Activity: Please transcribe exactly, and only, the lines of the data below between the line holding "unfolding chi_def using" and the line holding "define n where", inclusive.

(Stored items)
**********

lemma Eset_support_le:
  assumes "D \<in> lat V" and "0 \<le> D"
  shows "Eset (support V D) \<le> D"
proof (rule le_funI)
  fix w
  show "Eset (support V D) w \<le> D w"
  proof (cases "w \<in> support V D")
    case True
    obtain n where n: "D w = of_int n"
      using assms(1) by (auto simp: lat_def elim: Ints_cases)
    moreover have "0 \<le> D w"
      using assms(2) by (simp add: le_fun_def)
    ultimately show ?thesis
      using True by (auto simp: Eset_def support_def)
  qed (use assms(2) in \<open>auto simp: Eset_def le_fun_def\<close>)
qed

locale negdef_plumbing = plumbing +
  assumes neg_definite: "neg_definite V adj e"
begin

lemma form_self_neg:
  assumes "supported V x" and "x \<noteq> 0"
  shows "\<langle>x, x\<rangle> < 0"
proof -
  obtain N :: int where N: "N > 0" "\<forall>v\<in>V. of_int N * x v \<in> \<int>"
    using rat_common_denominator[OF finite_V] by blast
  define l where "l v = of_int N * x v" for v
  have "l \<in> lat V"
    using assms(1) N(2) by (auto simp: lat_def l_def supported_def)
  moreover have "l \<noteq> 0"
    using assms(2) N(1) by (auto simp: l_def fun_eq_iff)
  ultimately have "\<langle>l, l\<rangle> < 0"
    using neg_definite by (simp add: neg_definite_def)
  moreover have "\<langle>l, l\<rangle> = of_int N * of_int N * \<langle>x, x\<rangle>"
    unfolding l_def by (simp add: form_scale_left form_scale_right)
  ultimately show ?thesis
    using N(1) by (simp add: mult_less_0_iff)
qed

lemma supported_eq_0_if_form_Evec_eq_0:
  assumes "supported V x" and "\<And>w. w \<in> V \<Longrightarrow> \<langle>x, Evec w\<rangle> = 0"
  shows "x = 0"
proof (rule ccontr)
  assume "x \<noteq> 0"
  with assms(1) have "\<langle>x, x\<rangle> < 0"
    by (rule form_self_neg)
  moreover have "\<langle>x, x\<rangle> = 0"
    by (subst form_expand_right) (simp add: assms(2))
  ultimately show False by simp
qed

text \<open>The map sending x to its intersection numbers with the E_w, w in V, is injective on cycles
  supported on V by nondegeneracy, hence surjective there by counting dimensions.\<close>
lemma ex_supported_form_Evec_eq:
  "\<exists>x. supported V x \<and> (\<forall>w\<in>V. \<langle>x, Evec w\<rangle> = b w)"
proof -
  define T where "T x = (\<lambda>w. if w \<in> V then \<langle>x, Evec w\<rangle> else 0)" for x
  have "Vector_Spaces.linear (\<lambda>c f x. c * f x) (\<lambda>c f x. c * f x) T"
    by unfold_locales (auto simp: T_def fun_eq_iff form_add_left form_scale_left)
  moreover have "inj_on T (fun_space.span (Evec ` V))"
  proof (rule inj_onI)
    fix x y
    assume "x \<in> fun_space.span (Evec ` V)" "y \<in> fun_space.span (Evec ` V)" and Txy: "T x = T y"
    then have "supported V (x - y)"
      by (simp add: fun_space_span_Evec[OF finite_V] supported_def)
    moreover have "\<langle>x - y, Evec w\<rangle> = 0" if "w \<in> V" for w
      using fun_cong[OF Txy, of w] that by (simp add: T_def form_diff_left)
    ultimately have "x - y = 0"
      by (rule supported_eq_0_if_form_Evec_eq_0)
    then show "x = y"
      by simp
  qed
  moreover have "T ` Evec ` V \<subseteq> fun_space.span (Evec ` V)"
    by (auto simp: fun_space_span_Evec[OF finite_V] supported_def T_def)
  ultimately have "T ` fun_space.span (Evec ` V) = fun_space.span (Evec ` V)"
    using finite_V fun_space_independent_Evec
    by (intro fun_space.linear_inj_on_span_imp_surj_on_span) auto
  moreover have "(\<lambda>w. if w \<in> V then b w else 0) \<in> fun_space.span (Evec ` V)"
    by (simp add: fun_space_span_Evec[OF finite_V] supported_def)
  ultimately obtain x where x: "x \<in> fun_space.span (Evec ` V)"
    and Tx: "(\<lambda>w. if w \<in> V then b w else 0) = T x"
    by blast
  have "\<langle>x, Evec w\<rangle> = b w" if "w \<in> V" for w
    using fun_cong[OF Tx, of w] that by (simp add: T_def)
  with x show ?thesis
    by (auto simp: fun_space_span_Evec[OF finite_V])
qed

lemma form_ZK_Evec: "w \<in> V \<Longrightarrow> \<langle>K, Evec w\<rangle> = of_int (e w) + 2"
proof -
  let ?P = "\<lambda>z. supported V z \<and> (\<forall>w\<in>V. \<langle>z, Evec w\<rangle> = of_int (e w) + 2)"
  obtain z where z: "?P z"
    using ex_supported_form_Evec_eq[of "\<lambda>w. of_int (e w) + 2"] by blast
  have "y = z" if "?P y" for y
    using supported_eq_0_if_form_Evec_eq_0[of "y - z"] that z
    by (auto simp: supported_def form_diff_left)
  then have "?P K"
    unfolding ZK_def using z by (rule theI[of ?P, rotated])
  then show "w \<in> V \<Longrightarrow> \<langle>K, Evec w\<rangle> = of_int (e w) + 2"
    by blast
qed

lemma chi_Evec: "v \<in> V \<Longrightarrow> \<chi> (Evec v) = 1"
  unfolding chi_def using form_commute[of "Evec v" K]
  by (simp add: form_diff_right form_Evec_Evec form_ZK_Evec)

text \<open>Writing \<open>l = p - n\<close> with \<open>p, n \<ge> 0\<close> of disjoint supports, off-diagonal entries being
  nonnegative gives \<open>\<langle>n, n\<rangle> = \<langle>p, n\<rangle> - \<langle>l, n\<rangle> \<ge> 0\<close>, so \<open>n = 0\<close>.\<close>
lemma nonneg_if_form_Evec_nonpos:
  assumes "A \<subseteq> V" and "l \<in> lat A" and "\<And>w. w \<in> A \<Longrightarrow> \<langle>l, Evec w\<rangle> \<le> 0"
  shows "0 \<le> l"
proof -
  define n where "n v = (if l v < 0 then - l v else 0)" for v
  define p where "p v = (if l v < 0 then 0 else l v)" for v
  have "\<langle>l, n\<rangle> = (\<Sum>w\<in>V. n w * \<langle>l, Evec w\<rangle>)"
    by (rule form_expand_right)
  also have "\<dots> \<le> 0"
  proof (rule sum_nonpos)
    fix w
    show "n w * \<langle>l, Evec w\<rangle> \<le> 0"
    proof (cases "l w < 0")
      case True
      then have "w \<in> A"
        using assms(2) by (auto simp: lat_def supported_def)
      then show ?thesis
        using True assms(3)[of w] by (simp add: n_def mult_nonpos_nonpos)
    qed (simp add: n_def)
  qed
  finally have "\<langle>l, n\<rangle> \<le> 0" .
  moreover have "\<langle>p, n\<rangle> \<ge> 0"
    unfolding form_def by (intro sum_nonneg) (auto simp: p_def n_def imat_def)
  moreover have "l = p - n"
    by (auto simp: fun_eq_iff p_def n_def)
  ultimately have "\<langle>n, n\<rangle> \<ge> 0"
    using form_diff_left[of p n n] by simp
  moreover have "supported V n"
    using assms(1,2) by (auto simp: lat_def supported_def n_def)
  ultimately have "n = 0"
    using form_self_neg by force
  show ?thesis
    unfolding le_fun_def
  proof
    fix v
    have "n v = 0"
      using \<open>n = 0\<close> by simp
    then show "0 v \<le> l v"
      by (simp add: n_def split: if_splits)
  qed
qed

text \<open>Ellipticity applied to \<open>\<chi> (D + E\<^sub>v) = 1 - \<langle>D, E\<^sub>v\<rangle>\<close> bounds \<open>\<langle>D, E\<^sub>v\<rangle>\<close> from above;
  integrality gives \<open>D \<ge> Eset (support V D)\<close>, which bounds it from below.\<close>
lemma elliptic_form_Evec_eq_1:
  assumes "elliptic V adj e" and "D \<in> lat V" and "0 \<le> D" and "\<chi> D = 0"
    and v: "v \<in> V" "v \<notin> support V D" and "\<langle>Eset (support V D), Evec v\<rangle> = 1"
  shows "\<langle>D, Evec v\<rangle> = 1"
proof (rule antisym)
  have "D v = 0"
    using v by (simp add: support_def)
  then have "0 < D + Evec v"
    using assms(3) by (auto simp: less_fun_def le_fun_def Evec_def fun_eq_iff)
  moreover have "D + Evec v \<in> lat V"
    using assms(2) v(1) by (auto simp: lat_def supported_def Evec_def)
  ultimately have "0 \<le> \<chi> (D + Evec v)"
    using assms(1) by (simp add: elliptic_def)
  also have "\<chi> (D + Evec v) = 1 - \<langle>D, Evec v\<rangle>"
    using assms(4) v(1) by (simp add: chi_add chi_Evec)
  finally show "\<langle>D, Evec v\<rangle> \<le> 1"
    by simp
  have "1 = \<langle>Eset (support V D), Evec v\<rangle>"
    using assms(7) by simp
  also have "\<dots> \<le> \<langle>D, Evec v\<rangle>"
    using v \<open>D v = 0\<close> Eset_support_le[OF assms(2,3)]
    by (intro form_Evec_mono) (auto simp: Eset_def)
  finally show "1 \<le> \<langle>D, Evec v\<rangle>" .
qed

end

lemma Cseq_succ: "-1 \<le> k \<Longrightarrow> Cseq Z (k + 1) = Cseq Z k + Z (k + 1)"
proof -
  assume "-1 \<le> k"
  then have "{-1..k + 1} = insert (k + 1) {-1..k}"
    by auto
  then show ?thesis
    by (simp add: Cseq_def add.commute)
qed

**********

Exercise response:
  unfolding chi_def using form_commute[of "Evec v" K]
  by (simp add: form_diff_right form_Evec_Evec form_ZK_Evec)

text \<open>Writing \<open>l = p - n\<close> with \<open>p, n \<ge> 0\<close> of disjoint supports, off-diagonal entries being
  nonnegative gives \<open>\<langle>n, n\<rangle> = \<langle>p, n\<rangle> - \<langle>l, n\<rangle> \<ge> 0\<close>, so \<open>n = 0\<close>.\<close>
lemma nonneg_if_form_Evec_nonpos:
  assumes "A \<subseteq> V" and "l \<in> lat A" and "\<And>w. w \<in> A \<Longrightarrow> \<langle>l, Evec w\<rangle> \<le> 0"
  shows "0 \<le> l"
proof -
  define n where "n v = (if l v < 0 then - l v else 0)" for v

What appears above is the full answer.